Понял я также и причину того, почему Иван Афиногенович называл свою жену по имени-отчеству. Оказалось, что много лет тому назад он был женат законным браком и что у него где-то и до сих пор жили его первая жена и взрослые дети. Жизнь бродячего актера свела его с другой женщиной, такой же, как и он, актрисой балагана – Анной Дмитриевной Тригановой. Она стала его партнершей, другом и фактической женой, а религиозность не позволяла Ивану Афиногеновичу ни развестись с первой женой, ни считать свои отношения с Анной Дмитриевной правильными, хотя десятки лет они прожили вместе. Может быть, это и казалось ему его грехом, который надо искупить, но редко мне приходилось видеть более верных и преданных друг другу людей, более благородную, строгую и чистую любовь, чем та, какая была между Иваном Афиногеновичем Зайцевым и Анной Дмитриевной Тригановой.
Постепенно раскрывалась перед нами и вся профессиональная жизнь Зайцева, несмотря на то, что расспрашивать его об этой жизни было трудно, так как он был очень скромен и неразговорчив, хоть и нельзя было его назвать нелюдимым.
Эту профессиональную жизнь он целиком отдал искусству народного балагана и цирка и знал это искусство в совершенстве.
Начав профессиональные выступления в цирке с семилетнего возраста, Зайцев прошел сквозь все жанры. Был он и «каучуковым мальчиком», и акробатом, и шпагоглотателем, и «диким человеком с острова Цейлона», и фокусником, и «раусным клоуном», и чревовещателем. Он работал в цирке Гине, в балагане Вайнштока, в механическом театре Тарвита. Он знал сценарии балаганных пантомим «Взятие Плевны» и «Сдача Осман-паши» и тексты коротеньких полупьес-полупантомим механических театров: «Въезд Шаха Персидского», «Похороны папы Римского» и «Русско-турецкая война на море и на суше».

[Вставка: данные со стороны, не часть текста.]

lemma depolarize_id:
  assumes k: "k < n" and m: "0 < m"
  shows "depolarize m k (id_on (idx m n)) = id_on (idx m n)"
proof (intro ext)
  fix i j
  show "depolarize m k (id_on (idx m n)) i j = id_on (idx m n) i j"
  proof (cases "i ! k = j ! k \<and> i ! k < m")
    case True
    have t: "(i[k:=u] = j[k:=u] \<and> i[k:=u] \<in> idx m n) = (i = j \<and> i \<in> idx m n)" if u: "u < m" for u
    proof (cases "length i = n")
      case True2: True
      show ?thesis using list_update_in_idx_iff[OF True2 k u] list_update_eq_iff[of i k j u] True True2 k by auto
    next
      case False
      then show ?thesis by (auto simp: idx_iff)
    qed
    have "(\<Sum>u<m. id_on (idx m n) (i[k:=u]) (j[k:=u])) = (\<Sum>u<m. if i = j \<and> i \<in> idx m n then 1 else 0)"
      unfolding id_on_def using t by (intro sum.cong refl) (simp only: lessThan_iff)
    then show ?thesis using True m by (simp add: depolarize_def id_on_def)
  next
    case False
    then show ?thesis using k by (auto simp: depolarize_def id_on_def dest: idx_nth)
  qed
qed

lemma ext_on_site_noise:
  assumes X: "ext_on (idx m n) X" and k: "k < n"
  shows "ext_on (idx m n) (site_noise m g k X)"
  unfolding ext_on_def
proof (intro allI impI)
  fix i j assume ij: "i \<notin> idx m n \<or> j \<notin> idx m n"
  have "depolarize m k X i j = 0" using ext_on_depolarize[OF X k] ij unfolding ext_on_def by blast
  moreover have "X i j = 0" using X ij unfolding ext_on_def by blast
  ultimately show "site_noise m g k X i j = 0" by (simp add: site_noise_def)
qed

lemma herm_on_site_noise:
  assumes X: "herm_on (idx m n) X" and k: "k < n"
  shows "herm_on (idx m n) (site_noise m g k X)"
proof -
  have E: "herm_on (idx m n) (depolarize m k X)" using herm_on_depolarize[OF X k] .
  show ?thesis
    unfolding herm_on_def
  proof (intro conjI ballI)
    show "ext_on (idx m n) (site_noise m g k X)" using X ext_on_site_noise[of m n X k g] k unfolding herm_on_def by blast
  next
    fix i j assume i: "i \<in> idx m n" and j: "j \<in> idx m n"
    have hx: "X i j = cnj (X j i)" using X i j unfolding herm_on_def by blast
    have he: "depolarize m k X i j = cnj (depolarize m k X j i)" using E i j unfolding herm_on_def by blast
    show "site_noise m g k X i j = cnj (site_noise m g k X j i)" by (simp add: site_noise_def hx he)
  qed
qed

lemma psd_on_site_noise:
  assumes X: "psd_on (idx m n) X" and k: "k < n" and m: "0 < m" and g: "0 \<le> g" "g \<le> 1"
  shows "psd_on (idx m n) (site_noise m g k X)"
  unfolding psd_on_iff_qform
proof (intro conjI allI)
  show "herm_on (idx m n) (site_noise m g k X)" using X k herm_on_site_noise by (auto simp: psd_on_iff_qform)
next
  fix v
  have a: "0 \<le> Re (qform (idx m n) X v)" using X by (simp add: psd_on_iff_qform)
  have b: "0 \<le> Re (qform (idx m n) (depolarize m k X) v)" using psd_on_depolarize[OF X k m] by (simp add: psd_on_iff_qform)
  have "Re (qform (idx m n) (site_noise m g k X) v) = g * Re (qform (idx m n) X v) + (1 - g) * Re (qform (idx m n) (depolarize m k X) v)"
    unfolding site_noise_def qform_linear by simp
  then show "0 \<le> Re (qform (idx m n) (site_noise m g k X) v)" using a b g by simp
qed

lemma cmod_convex_comb_sq_le:
  fixes x y :: complex and g :: real
  assumes "0 \<le> g" "g \<le> 1"
  shows "(cmod (of_real g * x + of_real (1 - g) * y))\<^sup>2 \<le> g * (cmod x)\<^sup>2 + (1 - g) * (cmod y)\<^sup>2"
proof -
  have n1: "cmod (complex_of_real (1 - g)) = 1 - g" using assms by (simp only: norm_of_real abs_of_nonneg diff_ge_0_iff_ge)
  have "cmod (of_real g * x + of_real (1 - g) * y) \<le> cmod (of_real g * x) + cmod (of_real (1 - g) * y)"
    by (rule norm_triangle_ineq)
  also have "\<dots> = g * cmod x + (1 - g) * cmod y"
    using assms by (simp only: norm_mult n1) simp
  finally have "cmod (of_real g * x + of_real (1 - g) * y) \<le> g * cmod x + (1 - g) * cmod y" .
  then have "(cmod (of_real g * x + of_real (1 - g) * y))\<^sup>2 \<le> (g * cmod x + (1 - g) * cmod y)\<^sup>2"
    by (intro power_mono) auto
  also have "\<dots> \<le> g * (cmod x)\<^sup>2 + (1 - g) * (cmod y)\<^sup>2"
  proof -
    have "0 \<le> g * (1 - g) * (cmod x - cmod y)\<^sup>2" using assms by simp
    then show ?thesis by (simp add: power2_eq_square algebra_simps)
  qed
  finally show ?thesis .
qed

lemma hs_sq_site_noise_le:
  assumes k: "k < n" and m: "0 < m" and g: "0 \<le> g" "g \<le> 1"
  shows "hs_sq m n (site_noise m g k X) \<le> hs_sq m n X"
proof -
  have "hs_sq m n (site_noise m g k X) = (\<Sum>i\<in>idx m n. \<Sum>j\<in>idx m n.
     (cmod (of_real g * X i j + of_real (1 - g) * depolarize m k X i j))\<^sup>2)"
    by (simp only: hs_sq_def site_noise_def)
  also have "\<dots> \<le> (\<Sum>i\<in>idx m n. \<Sum>j\<in>idx m n. g * (cmod (X i j))\<^sup>2 + (1 - g) * (cmod (depolarize m k X i j))\<^sup>2)"
    by (intro sum_mono cmod_convex_comb_sq_le[OF g])
  also have "\<dots> = g * hs_sq m n X + (1 - g) * hs_sq m n (depolarize m k X)"
    by (simp add: hs_sq_def sum.distrib sum_distrib_left)
  finally have "hs_sq m n (site_noise m g k X) \<le> g * hs_sq m n X + (1 - g) * hs_sq m n (depolarize m k X)" .
  also have "\<dots> \<le> g * hs_sq m n X + (1 - g) * hs_sq m n X"
    using hs_sq_depolarize_le[OF k m, of X] g by (intro add_left_mono mult_left_mono) auto
  finally show ?thesis by (simp add: algebra_simps)
qed

lemma site_noise_id: "k < n \<Longrightarrow> 0 < m \<Longrightarrow> site_noise m g k (id_on (idx m n)) = id_on (idx m n)"
  by (simp add: site_noise_def depolarize_id algebra_simps)

lemma herm_on_noise: "herm_on (idx m n) X \<Longrightarrow> s + n' \<le> n \<Longrightarrow> herm_on (idx m n) (noise m g s n' X)"
  by (induction n' arbitrary: s) (auto intro!: herm_on_site_noise)

lemma psd_on_noise: "psd_on (idx m n) X \<Longrightarrow> s + n' \<le> n \<Longrightarrow> 0 < m \<Longrightarrow> 0 \<le> g \<Longrightarrow> g \<le> 1 \<Longrightarrow>
    psd_on (idx m n) (noise m g s n' X)"
  by (induction n' arbitrary: s) (auto intro!: psd_on_site_noise)

lemma hs_sq_noise_le: "s + n' \<le> n \<Longrightarrow> 0 < m \<Longrightarrow> 0 \<le> g \<Longrightarrow> g \<le> 1 \<Longrightarrow> hs_sq m n (noise m g s n' X) \<le> hs_sq m n X"
proof (induction n' arbitrary: s)
  case 0 then show ?case by simp
next
  case (Suc n')
  have "hs_sq m n (noise m g s (Suc n') X) \<le> hs_sq m n (noise m g (Suc s) n' X)"
    using Suc.prems by (simp add: hs_sq_site_noise_le)
  also have "\<dots> \<le> hs_sq m n X" using Suc.prems by (intro Suc.IH) auto
  finally show ?case .
qed

lemma noise_id: "s + n' \<le> n \<Longrightarrow> 0 < m \<Longrightarrow> noise m g s n' (id_on (idx m n)) = id_on (idx m n)"
  by (induction n' arbitrary: s) (auto simp: site_noise_id)

section \<open>Fourier coefficients under noise\<close>

lemma std_onb_0: "std_onb m B \<Longrightarrow> c < m \<Longrightarrow> c' < m \<Longrightarrow> B 0 c c' = (if c = c' then 1 else 0)"
  by (simp add: std_onb_def id_on_def)

lemma std_onb_trace:
  assumes B: "std_onb m B" and s: "s < m\<^sup>2" and m: "0 < m"
  shows "(\<Sum>c<m. cnj (B s c c)) = (if s = 0 then of_nat m else 0)"
proof (cases "s = 0")
  case True then show ?thesis using B by (simp add: std_onb_0)
next
  case False
  have all: "\<forall>k<m\<^sup>2. \<forall>l<m\<^sup>2. (1 / of_nat m) * (\<Sum>i<m. \<Sum>j<m. cnj (B k i j) * B l i j)
                         = (if k = l then 1 else 0)" using B unfolding std_onb_def by blast
  have m2: "0 < m\<^sup>2" using m by simp
  have "(1 / of_nat m) * (\<Sum>i<m. \<Sum>j<m. cnj (B s i j) * B 0 i j) = 0"
    using all[rule_format, OF s m2] False by simp
  moreover have "(\<Sum>i<m. \<Sum>j<m. cnj (B s i j) * B 0 i j) = (\<Sum>i<m. \<Sum>j<m. if j = i then cnj (B s i j) else 0)"
    using B by (intro sum.cong refl) (simp add: std_onb_0)
  ultimately have "(\<Sum>i<m. cnj (B s i i)) = 0" using m by (simp add: sum.delta)
  then show ?thesis using False by simp
qed

definition basis_tensor_off :: "nat \<Rightarrow> (nat \<Rightarrow> nat \<Rightarrow> nat \<Rightarrow> complex) \<Rightarrow> nat list \<Rightarrow> nat \<Rightarrow> nat list \<Rightarrow> nat list \<Rightarrow> complex" where
  "basis_tensor_off n B \<sigma> k i j = (\<Prod>l\<in>{..<n} - {k}. B (\<sigma> ! l) (i ! l) (j ! l))"

lemma basis_tensor_update:
  assumes "length i = n" "length j = n" "k < n"
  shows "basis_tensor n B \<sigma> (i[k:=c]) (j[k:=c']) = B (\<sigma> ! k) c c' * basis_tensor_off n B \<sigma> k i j"
proof -
  have "basis_tensor n B \<sigma> (i[k:=c]) (j[k:=c']) = B (\<sigma> ! k) (i[k:=c] ! k) (j[k:=c'] ! k) *
      (\<Prod>l\<in>{..<n} - {k}. B (\<sigma> ! l) (i[k:=c] ! l) (j[k:=c'] ! l))"
    unfolding basis_tensor_def using assms(3) by (simp only: prod.remove[OF finite_lessThan lessThan_iff[THEN iffD2, OF assms(3)]])
  also have "(\<Prod>l\<in>{..<n} - {k}. B (\<sigma> ! l) (i[k:=c] ! l) (j[k:=c'] ! l)) = basis_tensor_off n B \<sigma> k i j"
    unfolding basis_tensor_off_def by (intro prod.cong refl) auto
  finally show ?thesis using assms by simp
qed

lemma basis_inner_depolarize:
  assumes k: "k < n" and m: "0 < m"
  shows "(\<Sum>i\<in>idx m n. \<Sum>j\<in>idx m n. cnj (basis_tensor n B \<sigma> i j) * depolarize m k X i j)
    = (\<Sum>i\<in>idx_zero_at m n k. \<Sum>j\<in>idx_zero_at m n k. (\<Sum>c<m. cnj (B (\<sigma> ! k) c c))
        * cnj (basis_tensor_off n B \<sigma> k i j) * (\<Sum>u<m. X (i[k := u]) (j[k := u])) / of_nat m)"
  unfolding sum_idx_idx_site[OF k m]
proof (intro sum.cong refl)
  fix i j assume "i \<in> idx_zero_at m n k" "j \<in> idx_zero_at m n k"
  moreover from this have "length i = n" "length j = n"
    by (simp_all add: idx_zero_at_length)
  ultimately have "(\<Sum>c<m. \<Sum>c'<m. cnj (basis_tensor n B \<sigma> (i[k := c]) (j[k := c'])) * depolarize m k X (i[k := c]) (j[k := c']))
      = (\<Sum>c<m. \<Sum>c'<m. if c' = c then cnj (B (\<sigma> ! k) c c) * cnj (basis_tensor_off n B \<sigma> k i j)
          * (\<Sum>u<m. X (i[k := u]) (j[k := u])) / of_nat m else 0)"
    using k by (intro sum.cong refl) (auto simp: depolarize_update basis_tensor_update)
  then show "(\<Sum>c<m. \<Sum>c'<m. cnj (basis_tensor n B \<sigma> (i[k := c]) (j[k := c'])) * depolarize m k X (i[k := c]) (j[k := c']))
      = (\<Sum>c<m. cnj (B (\<sigma> ! k) c c)) * cnj (basis_tensor_off n B \<sigma> k i j) * (\<Sum>u<m. X (i[k := u]) (j[k := u])) / of_nat m"
    by (simp add: sum_distrib_right sum_divide_distrib)
qed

Он в совершенстве, с настоящим артистизмом играл «петрушками», или, как он называл их на профессиональном языке балагана, «верховыми», то есть куклами, которых кукловод держит над собой. Но так же великолепно он «водил» и кукол на нитках и помимо разыгрываемого ими «Цирка» знал еще народную пьесу «Путешествие купца Сидорыча в ад и рай», сюжетно очень напоминающую «Фауста» (ведь куклы играли «Фауста» еще до Гете).
За свою долгую жизнь Зайцев побывал во многих русских городах, всюду, где только были ярмарочные балаганы. Но больше всего он работал в Москве. На святках, масленой и пасхальной неделе Зайцев кочевал по московским балаганам в Сокольниках, на Девичьем поле, в Черкизове, на Благуше, за Покровской заставой. А в престольные праздники те же балаганы перебирались под монастыри: к Симонову, Ново-Девичьему, Андроньеву, Новоспасскому, Даниловскому, Рождественскому.